lemma split_piece_blocks:
  assumes "p < q" "q \<le> n"
  shows "split_piece (blocks p q) le"
proof (cases "q = Suc p")
  case True
  then have "blocks p q = A p" unfolding blocks_def by auto
  then show ?thesis using block_two_antichain assms unfolding split_piece_def by auto
next
  case False
  have "blocks p q = (\<Union>i<q - p. A (p + i))"
  proof
    show "blocks p q \<subseteq> (\<Union>i<q - p. A (p + i))"
    proof
      fix x assume "x \<in> blocks p q"
      then obtain i where "p \<le> i" "i < q" "x \<in> A i" by (rule blocksE)
      then show "x \<in> (\<Union>i<q - p. A (p + i))" by (intro UN_I[of "i - p"]) auto
    qed
    show "(\<Union>i<q - p. A (p + i)) \<subseteq> blocks p q"
      using blocksI[of p "p + _" q] by (auto simp: less_diff_conv add.commute)
  qed
  then have "crown_stack (blocks p q) le"
    unfolding crown_stack_def using False assms block_two_antichain block_set_less
    by (intro exI[of _ "q - p"] exI[of _ "\<lambda>i. A (p + i)"]) auto
  then show ?thesis unfolding split_piece_def by auto
qed

end

section \<open>Levels of a section of width three\<close>

locale width3_section = poset +
  fixes c :: "nat \<Rightarrow> nat \<Rightarrow> 'a"
  assumes is_section: "section3 X le c"
begin

abbreviation hP :: nat where "hP \<equiv> height X le"

lemma height_pos: "1 \<le> hP"
  using is_section unfolding section3_def Let_def by blast

lemma c_inj: "inj_on (\<lambda>(k, j). c k j) ({0..hP} \<times> {0..<3})"
  using is_section unfolding section3_def Let_def by blast

lemma carrier_eq: "X = (\<lambda>(k, j). c k j) ` ({0..hP} \<times> {0..<3})"
  using is_section unfolding section3_def Let_def by blast

lemma c_less_Suc: "j < 3 \<Longrightarrow> k < hP \<Longrightarrow> lt le (c k j) (c (Suc k) j)"
  using is_section unfolding section3_def Let_def by blast

lemma row_antichain: "k \<le> hP \<Longrightarrow> antichain_in le {c k 0, c k 1, c k 2}"
  using is_section unfolding section3_def Let_def by blast

lemma carrier_rows: "X = {c i j | i j. i \<le> hP \<and> j < 3}"
  by (subst carrier_eq) (auto simp: image_def intro!: bexI, blast)

lemma c_mem: "k \<le> hP \<Longrightarrow> j < 3 \<Longrightarrow> c k j \<in> X"
  using carrier_rows by auto

lemma row_eq: "{c k j | j. j < 3} = {c k 0, c k 1, c k 2}"
proof -
  have "j < 3 \<longleftrightarrow> j = 0 \<or> j = 1 \<or> j = 2" for j :: nat by auto
  then show ?thesis by auto
qed

lemma c_eq_iff:
  "k \<le> hP \<Longrightarrow> j < 3 \<Longrightarrow> k' \<le> hP \<Longrightarrow> j' < 3 \<Longrightarrow> c k j = c k' j' \<longleftrightarrow> k = k' \<and> j = j'"
  using c_inj unfolding inj_on_def by auto

lemma c_le_mono: "k \<le> i \<Longrightarrow> i \<le> hP \<Longrightarrow> j < 3 \<Longrightarrow> le (c k j) (c i j)"
proof (induction i rule: dec_induct)
  case base then show ?case using refl c_mem by simp
next
  case (step i)
  then show ?case
    using trans[of "c k j" "c i j" "c (Suc i) j"] c_less_Suc[of j i] c_mem unfolding lt_def by simp
qed

lemma row_le_eq: "k \<le> hP \<Longrightarrow> j < 3 \<Longrightarrow> j' < 3 \<Longrightarrow> le (c k j) (c k j') \<Longrightarrow> j = j'"
proof -
  assume a: "k \<le> hP" "j < 3" "j' < 3" "le (c k j) (c k j')"
  have "c k x \<in> {c k 0, c k 1, c k 2}" if "x < 3" for x
    using that row_eq by blast
  then have "c k j = c k j'"
    using row_antichain[OF a(1)] a unfolding antichain_in_def by blast
  then show "j = j'" using c_eq_iff a by blast
qed

lemma c_less_row_less:
  assumes "k \<le> hP" "i \<le> hP" "j < 3" "j' < 3" "lt le (c k j) (c i j')"
  shows "k < i"
proof (rule ccontr)
  assume "\<not> k < i"
  then have below: "le (c i j') (c k j')" using c_le_mono assms by simp
  then have "le (c k j) (c k j')" using trans[of "c k j" "c i j'" "c k j'"] assms c_mem unfolding lt_def by blast
  then have "j = j'" using row_le_eq assms by blast
  then show False using antisym[of "c k j" "c i j'"] below assms c_mem unfolding lt_def by blast
qed

definition rows_from :: "nat \<Rightarrow> 'a set" where
  "rows_from k = {c i j | i j. k \<le> i \<and> i \<le> hP \<and> j < 3}"

lemma minimals_rows_from: "k \<le> hP \<Longrightarrow> minimals (rows_from k) le = {c k j | j. j < 3}"
proof
  assume k: "k \<le> hP"
  show "minimals (rows_from k) le \<subseteq> {c k j | j. j < 3}"
  proof
    fix x assume x: "x \<in> minimals (rows_from k) le"
    then obtain i j where ij: "x = c i j" "k \<le> i" "i \<le> hP" "j < 3"
      unfolding minimals_def rows_from_def by auto
    have "i = k"
    proof (rule ccontr)
      assume "i \<noteq> k"
      then have "k \<le> i - 1" "lt le (c (i - 1) j) (c i j)"
        using ij c_less_Suc[of j "i - 1"] by auto
      moreover have "i - 1 \<le> hP" using ij by simp
      ultimately have "c (i - 1) j \<in> rows_from k" "lt le (c (i - 1) j) x"
        using ij unfolding rows_from_def by blast+
      then show False using x ij unfolding minimals_def by blast
    qed
    then show "x \<in> {c k j | j. j < 3}" using ij by auto
  qed
  show "{c k j | j. j < 3} \<subseteq> minimals (rows_from k) le"
    using k c_less_row_less unfolding minimals_def rows_from_def by fastforce
qed

lemma rest_eq_rows_from: "rest X le k = rows_from k"
proof (induction k)
  case 0 then show ?case using carrier_rows unfolding rows_from_def by simp
next
  case (Suc k)
  show ?case
  proof (cases "k \<le> hP")
    case True
    have "rows_from k - {c k j | j. j < 3} = rows_from (Suc k)"
    proof
      show "rows_from k - {c k j | j. j < 3} \<subseteq> rows_from (Suc k)"
        unfolding rows_from_def by (force simp: Suc_le_eq le_less)
      show "rows_from (Suc k) \<subseteq> rows_from k - {c k j | j. j < 3}"
        using c_eq_iff True unfolding rows_from_def by fastforce
    qed
    then show ?thesis using Suc minimals_rows_from[OF True] by simp
  next
    case False
    then show ?thesis using Suc unfolding rows_from_def by (auto simp: minimals_def)
  qed
qed

lemma level_eq: "k \<le> hP \<Longrightarrow> level X le k = {c k 0, c k 1, c k 2}"
  unfolding level_def rest_eq_rows_from
  by (simp add: minimals_rows_from row_eq)

lemma level_empty: "hP < k \<Longrightarrow> level X le k = {}"
  unfolding level_def minimals_def rest_eq_rows_from rows_from_def by auto

lemma level_le_height: "x \<in> level X le k \<Longrightarrow> k \<le> hP"
  using level_empty by (cases "k \<le> hP") auto

lemma level_memE:
  assumes "x \<in> level X le k"
  obtains j where "j < 3" "x = c k j"
proof -
  have "x \<in> {c k j | j. j < 3}" using assms level_eq level_le_height row_eq by blast
  then show ?thesis using that by blast
qed

lemma level_cover: "x \<in> X \<Longrightarrow> \<exists>i\<le>hP. x \<in> level X le i"
  using carrier_rows level_eq row_eq by blast

lemma level_less:
  assumes "x \<in> level X le i" "y \<in> level X le j" "lt le x y"
  shows "i < j"
proof -
  obtain ji jj where "ji < 3" "x = c i ji" "jj < 3" "y = c j jj"
    using assms(1,2) by (elim level_memE)
  then show ?thesis using c_less_row_less level_le_height assms by metis
qed

lemma level_antichain: "x \<in> level X le k \<Longrightarrow> y \<in> level X le k \<Longrightarrow> le x y \<Longrightarrow> x = y"
  using level_less unfolding lt_def by blast

lemma c_less_mono: "k < i \<Longrightarrow> i \<le> hP \<Longrightarrow> j < 3 \<Longrightarrow> lt le (c k j) (c i j)"
  using c_le_mono c_eq_iff unfolding lt_def by simp

lemma exists_below_in_level:
  assumes "y \<in> level X le i" "k < i"
  shows "\<exists>x\<in>level X le k. lt le x y"
proof -
  obtain j where j: "j < 3" "y = c i j" using assms(1) by (rule level_memE)
  have i: "i \<le> hP" using level_le_height[OF assms(1)] .
  have "c k j \<in> level X le k" using level_eq i assms(2) j row_eq by fastforce
  then show ?thesis using c_less_mono[OF assms(2) i j(1)] j by blast
qed

lemma exists_above_in_level:
  assumes "x \<in> level X le k" "k < i" "i \<le> hP"
  shows "\<exists>y\<in>level X le i. lt le x y"
proof -
  obtain j where j: "j < 3" "x = c k j" using assms(1) by (rule level_memE)
  have "c i j \<in> level X le i" using level_eq assms(3) j row_eq by fastforce
  then show ?thesis using c_less_mono[OF assms(2,3) j(1)] j by blast
qed

lemma card_level: "k \<le> hP \<Longrightarrow> card (level X le k) = 3"
  using level_eq c_eq_iff[of k 0 k 1] c_eq_iff[of k 0 k 2] c_eq_iff[of k 1 k 2] by simp

lemma level_pairs_intersect:
  assumes "{a1, a2} \<subseteq> level X le k" "{b1, b2} \<subseteq> level X le k" "a1 \<noteq> a2" "b1 \<noteq> b2"
  shows "{a1, a2} \<inter> {b1, b2} \<noteq> {}"
proof
  assume disjoint: "{a1, a2} \<inter> {b1, b2} = {}"
  have k: "k \<le> hP" using assms(1) level_le_height by blast
  have "card {a1, a2, b1, b2} = 4" using disjoint assms(3,4) by auto
  moreover have "card {a1, a2, b1, b2} \<le> card (level X le k)"
    using assms(1,2) level_eq[OF k] by (intro card_mono) auto
  ultimately show False using card_level[OF k] by simp
qed

lemma level_eq_insert_third:
  assumes "a \<in> level X le k" "b \<in> level X le k" "a \<noteq> b"
  obtains z where "level X le k = {a, b, z}"
proof -
  have k: "k \<le> hP" using assms level_le_height by blast
  have fin: "finite (level X le k)" using level_eq[OF k] by simp
  have "\<not> level X le k \<subseteq> {a, b}"
    using card_mono[of "{a, b}" "level X le k"] card_level[OF k] assms(3) by auto
  then obtain z where z: "z \<in> level X le k" "z \<noteq> a" "z \<noteq> b" by blast
  have "card {a, b, z} = card (level X le k)" using z assms card_level[OF k] by simp
  then have "{a, b, z} = level X le k" using z assms by (intro card_subset_eq fin) auto
  then show ?thesis using that z by blast
qed

end

locale n2_section = width3_section +
  assumes nice: "nice X le"
    and horizon: "\<And>k l. k + 2 \<le> l \<Longrightarrow> set_less le (level X le k) (level X le l)"
begin

lemma two_below_in_bottom_level:
  assumes "y \<in> level X le 1"
  obtains x1 x2 where "x1 \<noteq> x2" "{x1, x2} \<subseteq> level X le 0" "lt le x1 y" "lt le x2 y"
proof -
  obtain x where x: "x \<in> level X le 0" "lt le x y" using exists_below_in_level[OF assms] by auto
  have xy: "x \<in> X" "y \<in> X" using x assms level_memD by auto
  then obtain z where z: "z \<in> X" "lt le z y" "\<not> le z x"
    using nice x unfolding nice_def by blast
  obtain i where "z \<in> level X le i" using level_cover z by blast
  then have "z \<in> level X le 0" using level_less[OF _ assms z(2)] by (metis One_nat_def less_Suc0)
  moreover have "z \<noteq> x" using z refl xy by auto
  ultimately show ?thesis using that x z by blast
qed

lemma two_above_in_top_level:
  assumes "x \<in> level X le (hP - 1)"
  obtains y1 y2 where "y1 \<noteq> y2" "{y1, y2} \<subseteq> level X le hP" "lt le x y1" "lt le x y2"
proof -
  have top: "Suc (hP - 1) = hP" using height_pos by simp
  obtain y where y: "y \<in> level X le hP" "lt le x y"
    using exists_above_in_level[OF assms, of hP] top by auto
  have xy: "x \<in> X" "y \<in> X" using y assms level_memD by auto
  then obtain z where z: "z \<in> X" "lt le x z" "\<not> le y z"
    using nice y unfolding nice_def by blast
  obtain i where i: "i \<le> hP" "z \<in> level X le i" using level_cover z by blast
  moreover have "hP - 1 < i" using level_less[OF assms i(2) z(2)] .
  ultimately have "z \<in> level X le hP" using top by (metis Suc_leI le_antisym)
  moreover have "z \<noteq> y" using z refl xy by auto
  ultimately show ?thesis using that y z by blast
qed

· · ·

AIM OF THE EXERCISE:
Search the material above for the word "trans", then copy out each line that has it.

WRITTEN REPLY:
    using trans[of "c k j" "c i j" "c (Suc i) j"] c_less_Suc[of j i] c_mem unfolding lt_def by simp
  then have "le (c k j) (c k j')" using trans[of "c k j" "c i j'" "c k j'"] assms c_mem unfolding lt_def by blast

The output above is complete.